Starting at less than $15,000 for a ’09 Classic (new old stock), the price point increases slightly for the Classic LT (Light Touring) which includes a Kawasaki windscreen, touring backrest, and two-tone paint. Our demo Storm was a 2011 SE (Special Edition) that included special paint, wire wheels and whitewall tires. This pushed our test model to an MSRP of $16,495. The Storm exhibited insignificant headshake and barely any pogo effect on uneven freeway roads. The Storm had a comfortable rider triangulation and was adequately powered (I didn’t ride two-up; others did and loved it).
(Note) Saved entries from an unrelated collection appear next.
abbreviation unlabel :: "nat \<Rightarrow> 'v" where
  "unlabel \<equiv> inv_into W \<iota>"

lemma group_action: "group_action G W \<psi>"
  using action unfolding graph_action_def by blast

lemma adj_in_W: "A a b \<Longrightarrow> a \<in> W \<and> b \<in> W"
  using graph unfolding simple_graph_def by blast

lemma act_in_W: "g \<in> carrier G \<Longrightarrow> a \<in> W \<Longrightarrow> \<psi> g a \<in> W"
  using group_action.element_image[OF group_action] by blast

lemma act_one: "a \<in> W \<Longrightarrow> \<psi> \<one> a = a"
  using fun_cong[OF group_action.id_eq_one[OF group_action], of a] by simp

lemma relabel_action_label: "a \<in> W \<Longrightarrow> relabel_action g (\<iota> a) = \<iota> (\<psi> g a)"
  unfolding relabel_action_def using inj by simp

lemma relabel_adj_iff: "relabel_adj x y \<longleftrightarrow> x \<in> \<iota> ` W \<and> y \<in> \<iota> ` W \<and> A (unlabel x) (unlabel y)"
proof
  assume "relabel_adj x y"
  then obtain a b where "A a b" "x = \<iota> a" "y = \<iota> b" unfolding relabel_adj_def by blast
  then show "x \<in> \<iota> ` W \<and> y \<in> \<iota> ` W \<and> A (unlabel x) (unlabel y)" using inj adj_in_W by auto
next
  assume "x \<in> \<iota> ` W \<and> y \<in> \<iota> ` W \<and> A (unlabel x) (unlabel y)"
  then have "A (unlabel x) (unlabel y)" "x = \<iota> (unlabel x)" "y = \<iota> (unlabel y)"
    by (simp_all add: f_inv_into_f)
  then show "relabel_adj x y" unfolding relabel_adj_def by blast
qed

lemma relabel_adj_label: "A a b \<Longrightarrow> relabel_adj (\<iota> a) (\<iota> b)"
  unfolding relabel_adj_def by blast

lemma gwalk_relabel_adj:
  assumes "gwalk relabel_adj xs" "2 \<le> length xs"
  shows "set xs \<subseteq> \<iota> ` W" and "gwalk A (map unlabel xs)"
proof -
  show "set xs \<subseteq> \<iota> ` W" using gwalk_set_subset[OF assms] relabel_adj_iff by blast
  show "gwalk A (map unlabel xs)" using gwalk_map[OF assms(1)] relabel_adj_iff by blast
qed

lemma distinct_unlabel: "set xs \<subseteq> \<iota> ` W \<Longrightarrow> distinct xs \<Longrightarrow> distinct (map unlabel xs)"
  by (simp add: distinct_map inj_on_subset[OF inj_on_inv_into])

lemma pstab_relabel_action: "S \<subseteq> W \<Longrightarrow> pstab G relabel_action (\<iota> ` S) = pstab G \<psi> S"
  unfolding pstab_def using inj act_in_W relabel_action_label by (auto simp: inj_on_eq_iff subset_eq)

lemma tree_relabel:
  assumes "is_tree W A"
  shows "is_tree (\<iota> ` W) relabel_adj"
  unfolding is_tree_def
proof (intro conjI)
  show "simple_graph (\<iota> ` W) relabel_adj"
    unfolding simple_graph_def
  proof (intro allI impI)
    fix x y assume "relabel_adj x y"
    then obtain a b where ab: "A a b" "x = \<iota> a" "y = \<iota> b" unfolding relabel_adj_def by blast
    then have "a \<in> W" "b \<in> W" "a \<noteq> b" "A b a" using graph unfolding simple_graph_def by blast+
    then show "x \<in> \<iota> ` W \<and> y \<in> \<iota> ` W \<and> x \<noteq> y \<and> relabel_adj y x"
      using ab inj relabel_adj_label by (auto simp: inj_on_eq_iff)
  qed
  show "\<iota> ` W \<noteq> {}" using assms unfolding is_tree_def by blast
  have "A\<^sup>*\<^sup>* a b \<Longrightarrow> relabel_adj\<^sup>*\<^sup>* (\<iota> a) (\<iota> b)" for a b
    by (induction rule: rtranclp_induct) (auto intro: rtranclp.rtrancl_into_rtrancl relabel_adj_label)
  then show "graph_connected (\<iota> ` W) relabel_adj"
    using assms unfolding is_tree_def graph_connected_iff_rtranclp by blast
  show "\<not> (\<exists>c. cycle_list relabel_adj c)"
  proof
    assume "\<exists>c. cycle_list relabel_adj c"
    then obtain c where c: "cycle_list relabel_adj c" by blast
    then have "gwalk relabel_adj c" "2 \<le> length c" "c \<noteq> []" unfolding cycle_list_def by auto
    then have "cycle_list A (map unlabel c)"
      using c gwalk_relabel_adj distinct_unlabel relabel_adj_iff
      unfolding cycle_list_def by (simp add: hd_map last_map)
    then show False using assms unfolding is_tree_def by blast
  qed
qed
The overall aesthetic is fabulous: this trike flows from the front to rear. The wire wheels and whitewalls complement the retro, sweeping design of the bodywork. There is even ample storage in the rear section that’s the width of the back end and easily housed a full-faced helmet. Personally, I am not a fan of the wide beach-bar style handlebars and the women riders remarked that an extended reach was required in tight turns. Self-cancelling blinkers would be nice as well but these two small issues are Vulcan 900 criticisms and have nothing to do with Lehman. One of the female riders also commented that the back passenger grab rails were a bit high, meaning she had to crouch down to feel tucked in behind the rider. The Storm has, as all the other trikes tested here, a Five-speed transmission and although it fared well at freeway speeds, I found myself searching for Sixth gear. Many Kawasaki accessories like windscreens, sissybars, seats, etc., are available. Coming in at the lowest pricepoint, the Storm was a big favorite among all the riders.
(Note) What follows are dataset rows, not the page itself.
text \<open>Eigenvalue of M on the line representing a fixed point p
  (eigenvector (x,1) for Some x, (1,0) for None).\<close>
definition multiplier :: "real^2^2 \<Rightarrow> p1 \<Rightarrow> real" where
  "multiplier M p = (case p of Some x \<Rightarrow> M$2$1 * x + M$2$2 | None \<Rightarrow> M$1$1)"

definition attracting_fp :: "real^2^2 \<Rightarrow> p1 \<Rightarrow> bool" where
  "attracting_fp M p \<longleftrightarrow> mob M p = p \<and>
     (\<forall>q. mob M q = q \<longrightarrow> \<bar>multiplier M q\<bar> \<le> \<bar>multiplier M p\<bar>)"

definition repelling_fp :: "real^2^2 \<Rightarrow> p1 \<Rightarrow> bool" where
  "repelling_fp M p \<longleftrightarrow> mob M p = p \<and>
     (\<forall>q. mob M q = q \<longrightarrow> \<bar>multiplier M p\<bar> \<le> \<bar>multiplier M q\<bar>)"

text \<open>Closed counterclockwise interval from alpha to beta (counterclockwise = increasing
  direction on the real line, then through infinity).\<close>
definition ccw_int :: "p1 \<Rightarrow> p1 \<Rightarrow> p1 set" where
  "ccw_int \<alpha> \<beta> = (case (\<alpha>, \<beta>) of
      (Some x, Some y) \<Rightarrow> (if x \<le> y then Some ` {x..y}
                           else insert None (Some ` ({x..} \<union> {..y})))
    | (Some x, None) \<Rightarrow> insert None (Some ` {x..})
    | (None, Some y) \<Rightarrow> insert None (Some ` {..y})
    | (None, None) \<Rightarrow> {None})"

definition invariant_int :: "real^2^2 \<Rightarrow> p1 set \<Rightarrow> bool" where
  "invariant_int M S \<longleftrightarrow> mob M ` S \<subseteq> S"

definition Iplus_exists :: "real^2^2 \<Rightarrow> real^2^2 \<Rightarrow> bool" where
  "Iplus_exists A B \<longleftrightarrow> (\<exists>\<alpha> \<beta>. attracting_fp A \<alpha> \<and> attracting_fp B \<beta> \<and>
     (\<alpha> = \<beta> \<or>
      (invariant_int A (ccw_int \<alpha> \<beta>) \<and> invariant_int B (ccw_int \<alpha> \<beta>)) \<or>
      (invariant_int A (ccw_int \<beta> \<alpha>) \<and> invariant_int B (ccw_int \<beta> \<alpha>))))"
The Lookout Roadhouse is a rider’s paradise not just because of the great mountain roads, and mountaintop view of the low-lying Lake Elsinore, but the restaurant offers sumptuous breakfasts, lunches, and dinners, and a great selection of beer and wine. The Lookout is one of my favorite Southern California motorcycling stops. Open since 1968, the Lookout’s website (lookoutroadhouse.com) touts a, “Great ride, Great view, Great food, Great people and Lousy service.” Of course just down the road is Hells Kitchen (hellskitchen-ca. com) another popular motorcycle hang heavily trafficked on weekends.
Champion Honda VTX 1300
Champion Honda VTX 1300 was the only rear independent suspension equipped trike of this bunch. The Can Am has independent suspension on the front wheels. This independent was a dream to ride, and for me the combination of the powerful VTX 1300 engine with the independent suspension was sublime. This Champion trike also employed the company’s EZ-Steer, a raked triple tree kit that adds in this case 5-degrees (depends on the motorcycle platform) to the rake of the forks.
The VTX also employs a Five-speed tranny but I never felt the need for another gear at freeway speed. With an extremely comfortable driver seat and abundant storage Sturgis doesn’t seem that far away.
Toph and Sora had two-up riding time on the Champion Honda and were very impressed with its overall ride and comfort. Aesthetically, in my opinion it harkens back to the dated Harley Servi-Car look. But hey, my favorite looking trike was the monster Frankenstein chopper.

Can Am Spyder RS-SRoadster
We included a higher priced touring-capable Can-Am in the last shootout and this time included the Spyder RS-S because of its under $20K pricepoint. It qualifies as a Trike because it has three wheels—but the configuration is opposite of the norm with two wheels in front and one in rear. Unlike traditional trikes that are based on existing motorcycle platforms then converted to three wheelers, the Spyder was designed from the ground up as a three wheeled machine.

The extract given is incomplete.